▶ _DIRECTIONS_:
Take the entries that follow and return exactly the lines from the one holding "(simp add: power2_eq_square)" through the one holding "r)) = (\<Sum>l\<in>?S.", both included. Nothing else is needed.

Saved entries:
>>>>
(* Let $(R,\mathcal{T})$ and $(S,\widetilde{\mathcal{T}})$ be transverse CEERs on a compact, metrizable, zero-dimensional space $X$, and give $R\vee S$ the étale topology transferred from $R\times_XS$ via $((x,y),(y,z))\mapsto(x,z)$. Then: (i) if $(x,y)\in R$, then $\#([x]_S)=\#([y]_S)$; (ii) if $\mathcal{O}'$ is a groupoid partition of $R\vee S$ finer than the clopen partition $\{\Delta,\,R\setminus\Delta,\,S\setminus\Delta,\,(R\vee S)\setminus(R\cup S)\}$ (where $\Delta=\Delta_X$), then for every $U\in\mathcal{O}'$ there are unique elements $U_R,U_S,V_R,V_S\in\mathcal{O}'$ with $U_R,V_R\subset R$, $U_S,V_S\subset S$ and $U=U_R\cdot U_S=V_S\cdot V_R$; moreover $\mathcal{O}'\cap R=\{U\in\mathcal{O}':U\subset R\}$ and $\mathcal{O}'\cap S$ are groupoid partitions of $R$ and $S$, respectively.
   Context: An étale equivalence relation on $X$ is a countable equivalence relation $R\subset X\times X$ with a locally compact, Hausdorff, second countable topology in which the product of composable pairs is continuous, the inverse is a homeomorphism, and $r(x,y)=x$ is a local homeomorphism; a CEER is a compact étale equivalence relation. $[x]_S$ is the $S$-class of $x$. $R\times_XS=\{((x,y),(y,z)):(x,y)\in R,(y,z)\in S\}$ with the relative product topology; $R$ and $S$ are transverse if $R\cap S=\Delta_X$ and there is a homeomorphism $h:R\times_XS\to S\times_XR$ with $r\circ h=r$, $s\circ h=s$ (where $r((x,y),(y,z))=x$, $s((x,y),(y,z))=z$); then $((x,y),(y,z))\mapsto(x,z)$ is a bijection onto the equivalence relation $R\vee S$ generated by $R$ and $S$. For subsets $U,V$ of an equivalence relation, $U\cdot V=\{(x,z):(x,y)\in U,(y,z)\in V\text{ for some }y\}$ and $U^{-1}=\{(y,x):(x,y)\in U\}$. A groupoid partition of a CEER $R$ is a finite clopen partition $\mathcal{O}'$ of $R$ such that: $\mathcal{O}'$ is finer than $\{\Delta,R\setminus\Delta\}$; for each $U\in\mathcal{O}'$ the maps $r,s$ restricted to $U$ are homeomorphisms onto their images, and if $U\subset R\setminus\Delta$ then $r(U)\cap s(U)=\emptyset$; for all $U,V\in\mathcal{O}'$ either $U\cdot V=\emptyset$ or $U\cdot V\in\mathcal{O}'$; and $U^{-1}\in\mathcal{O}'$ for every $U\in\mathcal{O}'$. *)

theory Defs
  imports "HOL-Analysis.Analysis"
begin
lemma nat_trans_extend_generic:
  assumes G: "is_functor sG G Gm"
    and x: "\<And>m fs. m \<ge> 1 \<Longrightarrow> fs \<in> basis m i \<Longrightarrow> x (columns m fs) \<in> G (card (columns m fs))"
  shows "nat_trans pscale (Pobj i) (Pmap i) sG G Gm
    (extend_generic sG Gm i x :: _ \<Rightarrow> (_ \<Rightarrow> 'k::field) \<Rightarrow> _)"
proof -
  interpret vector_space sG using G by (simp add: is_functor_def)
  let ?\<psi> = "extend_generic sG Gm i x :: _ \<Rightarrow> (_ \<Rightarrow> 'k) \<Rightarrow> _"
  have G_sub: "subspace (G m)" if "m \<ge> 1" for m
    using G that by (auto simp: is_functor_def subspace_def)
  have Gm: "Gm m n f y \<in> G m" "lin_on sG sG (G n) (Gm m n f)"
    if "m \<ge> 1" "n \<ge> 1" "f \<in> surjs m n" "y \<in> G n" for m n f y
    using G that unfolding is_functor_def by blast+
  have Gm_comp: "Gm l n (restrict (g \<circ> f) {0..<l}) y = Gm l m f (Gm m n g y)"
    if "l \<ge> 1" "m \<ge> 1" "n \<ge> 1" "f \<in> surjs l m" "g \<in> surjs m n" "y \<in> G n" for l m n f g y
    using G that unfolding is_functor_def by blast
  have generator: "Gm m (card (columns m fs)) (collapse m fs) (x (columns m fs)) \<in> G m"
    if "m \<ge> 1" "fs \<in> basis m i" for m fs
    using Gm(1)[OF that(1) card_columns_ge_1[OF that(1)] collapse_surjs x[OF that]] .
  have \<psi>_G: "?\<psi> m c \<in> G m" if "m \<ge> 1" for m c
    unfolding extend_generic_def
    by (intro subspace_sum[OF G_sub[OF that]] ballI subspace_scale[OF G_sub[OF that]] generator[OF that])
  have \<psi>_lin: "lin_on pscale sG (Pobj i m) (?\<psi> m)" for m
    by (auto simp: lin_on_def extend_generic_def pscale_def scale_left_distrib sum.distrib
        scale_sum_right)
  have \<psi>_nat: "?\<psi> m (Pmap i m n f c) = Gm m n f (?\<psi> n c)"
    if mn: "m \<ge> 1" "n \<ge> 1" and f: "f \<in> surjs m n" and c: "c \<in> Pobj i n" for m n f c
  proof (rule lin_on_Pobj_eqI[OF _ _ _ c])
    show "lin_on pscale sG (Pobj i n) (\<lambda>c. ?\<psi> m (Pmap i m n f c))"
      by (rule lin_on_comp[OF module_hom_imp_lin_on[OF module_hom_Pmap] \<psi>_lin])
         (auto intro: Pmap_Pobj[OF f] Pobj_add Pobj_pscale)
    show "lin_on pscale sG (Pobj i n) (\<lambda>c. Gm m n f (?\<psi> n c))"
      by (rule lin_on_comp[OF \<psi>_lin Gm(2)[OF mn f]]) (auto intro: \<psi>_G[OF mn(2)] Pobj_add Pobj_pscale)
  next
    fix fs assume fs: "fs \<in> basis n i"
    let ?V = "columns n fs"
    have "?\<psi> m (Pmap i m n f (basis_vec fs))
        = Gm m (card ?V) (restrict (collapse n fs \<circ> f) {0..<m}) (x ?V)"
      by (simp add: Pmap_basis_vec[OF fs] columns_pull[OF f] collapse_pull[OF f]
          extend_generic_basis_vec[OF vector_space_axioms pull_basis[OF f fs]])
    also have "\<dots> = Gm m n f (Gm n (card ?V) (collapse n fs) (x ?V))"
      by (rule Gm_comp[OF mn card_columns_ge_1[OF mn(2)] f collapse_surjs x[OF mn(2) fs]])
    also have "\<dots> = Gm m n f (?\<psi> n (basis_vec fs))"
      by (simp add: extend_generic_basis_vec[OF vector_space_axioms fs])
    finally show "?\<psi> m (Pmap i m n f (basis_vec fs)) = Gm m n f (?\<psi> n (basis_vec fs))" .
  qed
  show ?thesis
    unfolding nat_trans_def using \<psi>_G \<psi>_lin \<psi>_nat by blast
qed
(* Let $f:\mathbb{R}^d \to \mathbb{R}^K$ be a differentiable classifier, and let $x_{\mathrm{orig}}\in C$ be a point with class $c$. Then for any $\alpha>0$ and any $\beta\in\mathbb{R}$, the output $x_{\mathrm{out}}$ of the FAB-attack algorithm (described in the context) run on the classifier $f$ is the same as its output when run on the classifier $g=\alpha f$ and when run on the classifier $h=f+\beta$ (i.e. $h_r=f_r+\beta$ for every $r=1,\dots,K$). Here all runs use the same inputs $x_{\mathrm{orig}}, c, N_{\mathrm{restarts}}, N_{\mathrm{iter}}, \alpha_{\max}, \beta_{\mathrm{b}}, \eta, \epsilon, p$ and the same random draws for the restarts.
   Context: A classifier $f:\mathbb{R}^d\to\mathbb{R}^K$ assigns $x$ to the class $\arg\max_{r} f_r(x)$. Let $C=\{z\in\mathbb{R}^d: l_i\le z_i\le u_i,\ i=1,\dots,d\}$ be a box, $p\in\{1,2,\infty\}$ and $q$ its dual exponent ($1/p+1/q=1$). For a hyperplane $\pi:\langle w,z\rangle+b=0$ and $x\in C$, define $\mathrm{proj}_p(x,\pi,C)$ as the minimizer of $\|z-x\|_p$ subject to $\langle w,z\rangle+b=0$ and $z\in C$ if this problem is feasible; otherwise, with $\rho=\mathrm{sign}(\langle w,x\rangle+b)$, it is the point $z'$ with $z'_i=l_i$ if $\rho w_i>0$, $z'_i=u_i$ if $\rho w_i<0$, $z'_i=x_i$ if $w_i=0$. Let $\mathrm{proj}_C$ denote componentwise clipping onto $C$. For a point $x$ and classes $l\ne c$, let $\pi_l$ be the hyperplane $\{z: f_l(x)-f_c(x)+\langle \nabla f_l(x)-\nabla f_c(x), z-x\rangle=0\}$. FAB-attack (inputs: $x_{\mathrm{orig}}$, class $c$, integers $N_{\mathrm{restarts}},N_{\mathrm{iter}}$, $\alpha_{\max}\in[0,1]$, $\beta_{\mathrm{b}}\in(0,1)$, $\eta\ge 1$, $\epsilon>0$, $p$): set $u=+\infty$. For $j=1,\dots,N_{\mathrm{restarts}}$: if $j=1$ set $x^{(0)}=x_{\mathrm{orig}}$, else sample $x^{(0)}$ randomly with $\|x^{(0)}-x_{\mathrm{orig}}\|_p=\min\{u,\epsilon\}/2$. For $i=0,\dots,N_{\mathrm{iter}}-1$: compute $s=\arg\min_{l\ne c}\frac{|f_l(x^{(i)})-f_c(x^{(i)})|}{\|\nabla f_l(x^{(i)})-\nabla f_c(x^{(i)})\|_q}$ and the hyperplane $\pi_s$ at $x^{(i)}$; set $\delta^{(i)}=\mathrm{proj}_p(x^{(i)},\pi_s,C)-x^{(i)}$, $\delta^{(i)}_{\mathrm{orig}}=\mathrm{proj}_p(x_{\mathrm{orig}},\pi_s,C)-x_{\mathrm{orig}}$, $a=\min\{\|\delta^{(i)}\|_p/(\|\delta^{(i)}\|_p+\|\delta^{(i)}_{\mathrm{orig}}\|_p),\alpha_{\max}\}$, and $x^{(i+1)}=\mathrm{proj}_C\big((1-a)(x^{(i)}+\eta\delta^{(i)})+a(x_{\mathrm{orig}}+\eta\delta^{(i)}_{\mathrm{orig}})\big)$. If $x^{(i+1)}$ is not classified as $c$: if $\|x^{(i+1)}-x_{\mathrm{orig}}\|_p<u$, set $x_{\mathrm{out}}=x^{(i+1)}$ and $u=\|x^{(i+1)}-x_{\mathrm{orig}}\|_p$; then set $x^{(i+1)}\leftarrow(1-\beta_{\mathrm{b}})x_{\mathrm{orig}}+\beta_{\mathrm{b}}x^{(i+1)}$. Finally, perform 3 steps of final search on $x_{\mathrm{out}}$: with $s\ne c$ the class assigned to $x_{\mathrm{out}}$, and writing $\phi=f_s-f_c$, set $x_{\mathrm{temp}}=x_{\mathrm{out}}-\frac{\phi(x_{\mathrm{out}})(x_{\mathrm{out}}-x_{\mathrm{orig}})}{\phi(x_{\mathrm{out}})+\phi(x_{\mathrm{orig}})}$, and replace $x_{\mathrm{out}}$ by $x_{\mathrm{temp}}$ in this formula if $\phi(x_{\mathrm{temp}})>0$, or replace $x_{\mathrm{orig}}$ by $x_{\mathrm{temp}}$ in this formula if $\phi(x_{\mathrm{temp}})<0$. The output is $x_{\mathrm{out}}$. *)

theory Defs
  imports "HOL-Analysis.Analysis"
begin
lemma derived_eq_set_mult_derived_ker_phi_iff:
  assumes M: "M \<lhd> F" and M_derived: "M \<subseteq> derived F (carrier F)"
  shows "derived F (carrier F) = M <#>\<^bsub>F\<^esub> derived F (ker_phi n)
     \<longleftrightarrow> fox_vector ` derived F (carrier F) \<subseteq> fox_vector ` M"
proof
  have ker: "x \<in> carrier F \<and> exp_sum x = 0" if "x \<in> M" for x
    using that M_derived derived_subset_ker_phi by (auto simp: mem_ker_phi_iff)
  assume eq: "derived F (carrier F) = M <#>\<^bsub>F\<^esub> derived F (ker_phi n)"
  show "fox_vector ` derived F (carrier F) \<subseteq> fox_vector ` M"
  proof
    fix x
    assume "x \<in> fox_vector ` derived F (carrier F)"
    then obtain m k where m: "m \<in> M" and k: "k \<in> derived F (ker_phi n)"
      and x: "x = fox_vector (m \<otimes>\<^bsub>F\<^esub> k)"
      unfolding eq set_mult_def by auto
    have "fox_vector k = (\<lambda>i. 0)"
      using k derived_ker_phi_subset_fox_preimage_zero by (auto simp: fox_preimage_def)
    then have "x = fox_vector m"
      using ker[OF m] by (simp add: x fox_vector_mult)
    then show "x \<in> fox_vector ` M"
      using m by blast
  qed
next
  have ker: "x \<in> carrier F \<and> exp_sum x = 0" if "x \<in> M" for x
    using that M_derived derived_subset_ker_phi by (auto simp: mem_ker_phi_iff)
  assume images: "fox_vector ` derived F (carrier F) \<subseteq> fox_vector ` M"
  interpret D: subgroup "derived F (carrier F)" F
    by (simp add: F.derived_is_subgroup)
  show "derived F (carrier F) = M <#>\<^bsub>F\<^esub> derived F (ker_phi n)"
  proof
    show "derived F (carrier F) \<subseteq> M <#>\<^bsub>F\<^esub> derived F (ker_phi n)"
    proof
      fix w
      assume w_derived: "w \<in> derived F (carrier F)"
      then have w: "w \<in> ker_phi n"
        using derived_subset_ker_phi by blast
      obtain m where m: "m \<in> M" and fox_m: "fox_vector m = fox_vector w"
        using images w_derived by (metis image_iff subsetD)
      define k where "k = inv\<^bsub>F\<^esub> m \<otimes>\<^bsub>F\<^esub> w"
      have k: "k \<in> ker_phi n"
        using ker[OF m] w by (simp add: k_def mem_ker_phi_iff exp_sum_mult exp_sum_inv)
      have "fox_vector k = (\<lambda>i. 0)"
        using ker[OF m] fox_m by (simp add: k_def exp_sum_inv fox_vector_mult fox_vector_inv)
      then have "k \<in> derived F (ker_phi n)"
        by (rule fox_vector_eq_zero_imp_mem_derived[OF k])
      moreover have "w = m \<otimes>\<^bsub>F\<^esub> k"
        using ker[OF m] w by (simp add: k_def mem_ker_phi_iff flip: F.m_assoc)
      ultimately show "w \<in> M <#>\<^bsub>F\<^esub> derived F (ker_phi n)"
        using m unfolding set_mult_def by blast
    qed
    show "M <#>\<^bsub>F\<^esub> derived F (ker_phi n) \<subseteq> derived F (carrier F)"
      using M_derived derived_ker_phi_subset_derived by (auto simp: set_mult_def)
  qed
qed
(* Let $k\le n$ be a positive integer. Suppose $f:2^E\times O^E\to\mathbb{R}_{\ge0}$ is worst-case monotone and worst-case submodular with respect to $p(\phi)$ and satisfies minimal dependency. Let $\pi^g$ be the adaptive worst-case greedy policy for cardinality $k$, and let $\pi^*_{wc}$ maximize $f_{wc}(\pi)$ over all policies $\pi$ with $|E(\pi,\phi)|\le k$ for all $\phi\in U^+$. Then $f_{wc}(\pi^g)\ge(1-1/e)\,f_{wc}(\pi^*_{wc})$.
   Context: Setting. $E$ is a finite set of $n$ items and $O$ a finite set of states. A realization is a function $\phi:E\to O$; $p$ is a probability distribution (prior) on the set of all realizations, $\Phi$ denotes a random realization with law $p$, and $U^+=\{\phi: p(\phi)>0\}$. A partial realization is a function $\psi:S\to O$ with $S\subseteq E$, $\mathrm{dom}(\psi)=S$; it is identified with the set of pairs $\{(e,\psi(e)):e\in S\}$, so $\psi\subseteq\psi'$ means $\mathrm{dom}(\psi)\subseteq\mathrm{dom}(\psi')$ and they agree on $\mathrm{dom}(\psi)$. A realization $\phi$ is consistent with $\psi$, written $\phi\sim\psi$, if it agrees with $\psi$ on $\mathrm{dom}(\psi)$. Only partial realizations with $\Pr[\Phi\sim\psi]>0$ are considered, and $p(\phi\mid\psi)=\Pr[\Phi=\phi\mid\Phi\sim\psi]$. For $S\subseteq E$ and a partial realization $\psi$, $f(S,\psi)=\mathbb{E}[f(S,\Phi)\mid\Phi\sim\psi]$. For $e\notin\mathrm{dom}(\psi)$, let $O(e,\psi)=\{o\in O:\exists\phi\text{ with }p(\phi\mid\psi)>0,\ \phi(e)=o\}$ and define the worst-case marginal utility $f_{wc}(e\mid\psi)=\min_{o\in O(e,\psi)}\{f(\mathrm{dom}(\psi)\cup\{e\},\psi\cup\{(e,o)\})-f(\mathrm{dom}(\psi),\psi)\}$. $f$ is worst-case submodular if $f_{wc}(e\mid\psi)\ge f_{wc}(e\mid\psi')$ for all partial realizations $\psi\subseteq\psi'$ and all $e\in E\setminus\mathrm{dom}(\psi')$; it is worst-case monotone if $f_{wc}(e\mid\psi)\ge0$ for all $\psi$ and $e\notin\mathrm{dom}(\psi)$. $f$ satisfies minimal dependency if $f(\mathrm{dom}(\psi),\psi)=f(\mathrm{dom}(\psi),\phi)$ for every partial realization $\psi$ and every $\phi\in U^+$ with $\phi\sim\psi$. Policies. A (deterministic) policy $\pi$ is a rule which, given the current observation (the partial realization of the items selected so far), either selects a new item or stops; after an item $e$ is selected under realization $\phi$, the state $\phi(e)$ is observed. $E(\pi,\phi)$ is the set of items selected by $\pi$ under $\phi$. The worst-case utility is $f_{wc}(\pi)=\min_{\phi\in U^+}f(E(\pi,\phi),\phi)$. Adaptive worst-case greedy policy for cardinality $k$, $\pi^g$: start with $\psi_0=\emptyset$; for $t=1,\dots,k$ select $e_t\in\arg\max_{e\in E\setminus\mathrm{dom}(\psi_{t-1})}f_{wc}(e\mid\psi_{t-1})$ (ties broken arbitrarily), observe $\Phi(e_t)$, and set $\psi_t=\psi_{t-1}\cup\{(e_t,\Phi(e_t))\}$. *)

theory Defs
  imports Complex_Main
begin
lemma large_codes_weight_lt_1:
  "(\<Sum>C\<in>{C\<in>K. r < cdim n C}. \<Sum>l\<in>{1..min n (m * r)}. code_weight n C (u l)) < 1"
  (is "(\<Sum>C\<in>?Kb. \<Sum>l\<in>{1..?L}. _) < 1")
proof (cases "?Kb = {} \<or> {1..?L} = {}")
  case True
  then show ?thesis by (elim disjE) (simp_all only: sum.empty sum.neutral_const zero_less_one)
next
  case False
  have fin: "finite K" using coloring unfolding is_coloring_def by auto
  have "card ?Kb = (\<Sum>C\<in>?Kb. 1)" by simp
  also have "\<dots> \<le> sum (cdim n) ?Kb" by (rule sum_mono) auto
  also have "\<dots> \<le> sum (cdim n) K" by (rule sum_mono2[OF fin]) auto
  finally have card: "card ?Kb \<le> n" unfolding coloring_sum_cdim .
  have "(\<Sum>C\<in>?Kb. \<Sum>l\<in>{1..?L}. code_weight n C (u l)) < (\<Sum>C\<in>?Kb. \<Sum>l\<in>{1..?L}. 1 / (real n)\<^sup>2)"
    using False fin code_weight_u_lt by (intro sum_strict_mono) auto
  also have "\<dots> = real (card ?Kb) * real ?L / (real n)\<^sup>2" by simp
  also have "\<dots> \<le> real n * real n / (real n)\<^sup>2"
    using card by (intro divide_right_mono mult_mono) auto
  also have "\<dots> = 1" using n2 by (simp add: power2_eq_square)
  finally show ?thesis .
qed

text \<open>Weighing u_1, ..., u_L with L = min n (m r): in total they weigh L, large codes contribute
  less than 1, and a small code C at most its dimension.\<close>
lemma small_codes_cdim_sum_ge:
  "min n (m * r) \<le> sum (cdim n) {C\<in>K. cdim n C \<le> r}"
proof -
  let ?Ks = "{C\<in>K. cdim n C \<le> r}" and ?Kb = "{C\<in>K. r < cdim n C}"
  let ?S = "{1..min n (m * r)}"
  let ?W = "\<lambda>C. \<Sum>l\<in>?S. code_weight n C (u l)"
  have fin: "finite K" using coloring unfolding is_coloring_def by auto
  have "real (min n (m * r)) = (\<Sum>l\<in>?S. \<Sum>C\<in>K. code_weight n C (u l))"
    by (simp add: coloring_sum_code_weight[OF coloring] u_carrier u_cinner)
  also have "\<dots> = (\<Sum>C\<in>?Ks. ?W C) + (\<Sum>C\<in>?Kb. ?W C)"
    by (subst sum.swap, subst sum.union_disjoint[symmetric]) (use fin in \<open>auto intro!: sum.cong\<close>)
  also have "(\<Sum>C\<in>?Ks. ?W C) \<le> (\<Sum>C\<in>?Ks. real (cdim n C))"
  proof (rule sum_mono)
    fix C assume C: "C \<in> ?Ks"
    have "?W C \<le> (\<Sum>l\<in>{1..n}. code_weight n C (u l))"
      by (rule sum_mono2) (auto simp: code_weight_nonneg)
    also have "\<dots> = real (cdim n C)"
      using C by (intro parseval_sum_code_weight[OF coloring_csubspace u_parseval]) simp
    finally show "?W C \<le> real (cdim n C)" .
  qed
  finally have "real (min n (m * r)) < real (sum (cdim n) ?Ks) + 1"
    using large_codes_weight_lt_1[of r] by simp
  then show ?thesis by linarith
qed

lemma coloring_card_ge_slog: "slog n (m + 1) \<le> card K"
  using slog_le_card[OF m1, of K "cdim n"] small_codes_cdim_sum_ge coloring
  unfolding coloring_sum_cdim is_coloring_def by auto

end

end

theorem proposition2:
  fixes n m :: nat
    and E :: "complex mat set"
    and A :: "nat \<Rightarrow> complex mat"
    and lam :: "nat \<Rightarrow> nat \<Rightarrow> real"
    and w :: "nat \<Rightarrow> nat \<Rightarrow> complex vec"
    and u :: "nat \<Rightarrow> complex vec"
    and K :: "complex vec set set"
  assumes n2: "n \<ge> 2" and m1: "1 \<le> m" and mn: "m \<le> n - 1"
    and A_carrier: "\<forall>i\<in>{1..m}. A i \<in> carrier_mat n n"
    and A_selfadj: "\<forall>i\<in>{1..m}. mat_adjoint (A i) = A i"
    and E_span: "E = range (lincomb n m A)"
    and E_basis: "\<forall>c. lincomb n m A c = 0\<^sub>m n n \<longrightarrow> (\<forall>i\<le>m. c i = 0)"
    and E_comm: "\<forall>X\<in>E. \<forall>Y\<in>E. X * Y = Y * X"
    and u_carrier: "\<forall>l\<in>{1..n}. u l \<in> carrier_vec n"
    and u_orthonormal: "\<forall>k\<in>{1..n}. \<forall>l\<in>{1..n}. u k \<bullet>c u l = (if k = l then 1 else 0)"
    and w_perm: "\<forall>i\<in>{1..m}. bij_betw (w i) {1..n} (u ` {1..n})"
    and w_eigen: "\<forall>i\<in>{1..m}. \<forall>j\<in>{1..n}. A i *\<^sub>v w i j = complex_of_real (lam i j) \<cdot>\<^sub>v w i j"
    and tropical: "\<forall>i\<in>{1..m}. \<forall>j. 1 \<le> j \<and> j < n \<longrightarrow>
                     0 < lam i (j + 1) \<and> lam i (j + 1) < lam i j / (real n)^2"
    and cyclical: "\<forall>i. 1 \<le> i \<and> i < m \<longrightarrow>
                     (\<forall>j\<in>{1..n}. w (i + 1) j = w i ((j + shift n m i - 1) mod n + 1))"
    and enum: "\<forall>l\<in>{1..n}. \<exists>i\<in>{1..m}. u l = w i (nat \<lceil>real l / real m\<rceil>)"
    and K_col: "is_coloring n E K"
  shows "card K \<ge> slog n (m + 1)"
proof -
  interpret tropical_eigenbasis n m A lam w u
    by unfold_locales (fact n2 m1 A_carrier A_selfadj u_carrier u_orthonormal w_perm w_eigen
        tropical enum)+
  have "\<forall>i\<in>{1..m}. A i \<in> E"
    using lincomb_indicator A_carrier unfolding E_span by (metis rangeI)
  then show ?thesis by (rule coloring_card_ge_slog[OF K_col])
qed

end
<<<<
▶ _RESPONSE BELOW_:
  also have "\<dots> = 1" using n2 by (simp add: power2_eq_square)
  finally show ?thesis .
qed

text \<open>Weighing u_1, ..., u_L with L = min n (m r): in total they weigh L, large codes contribute
  less than 1, and a small code C at most its dimension.\<close>
lemma small_codes_cdim_sum_ge:
  "min n (m * r) \<le> sum (cdim n) {C\<in>K. cdim n C \<le> r}"
proof -
  let ?Ks = "{C\<in>K. cdim n C \<le> r}" and ?Kb = "{C\<in>K. r < cdim n C}"
  let ?S = "{1..min n (m * r)}"
  let ?W = "\<lambda>C. \<Sum>l\<in>?S. code_weight n C (u l)"
  have fin: "finite K" using coloring unfolding is_coloring_def by auto
  have "real (min n (m * r)) = (\<Sum>l\<in>?S. \<Sum>C\<in>K. code_weight n C (u l))"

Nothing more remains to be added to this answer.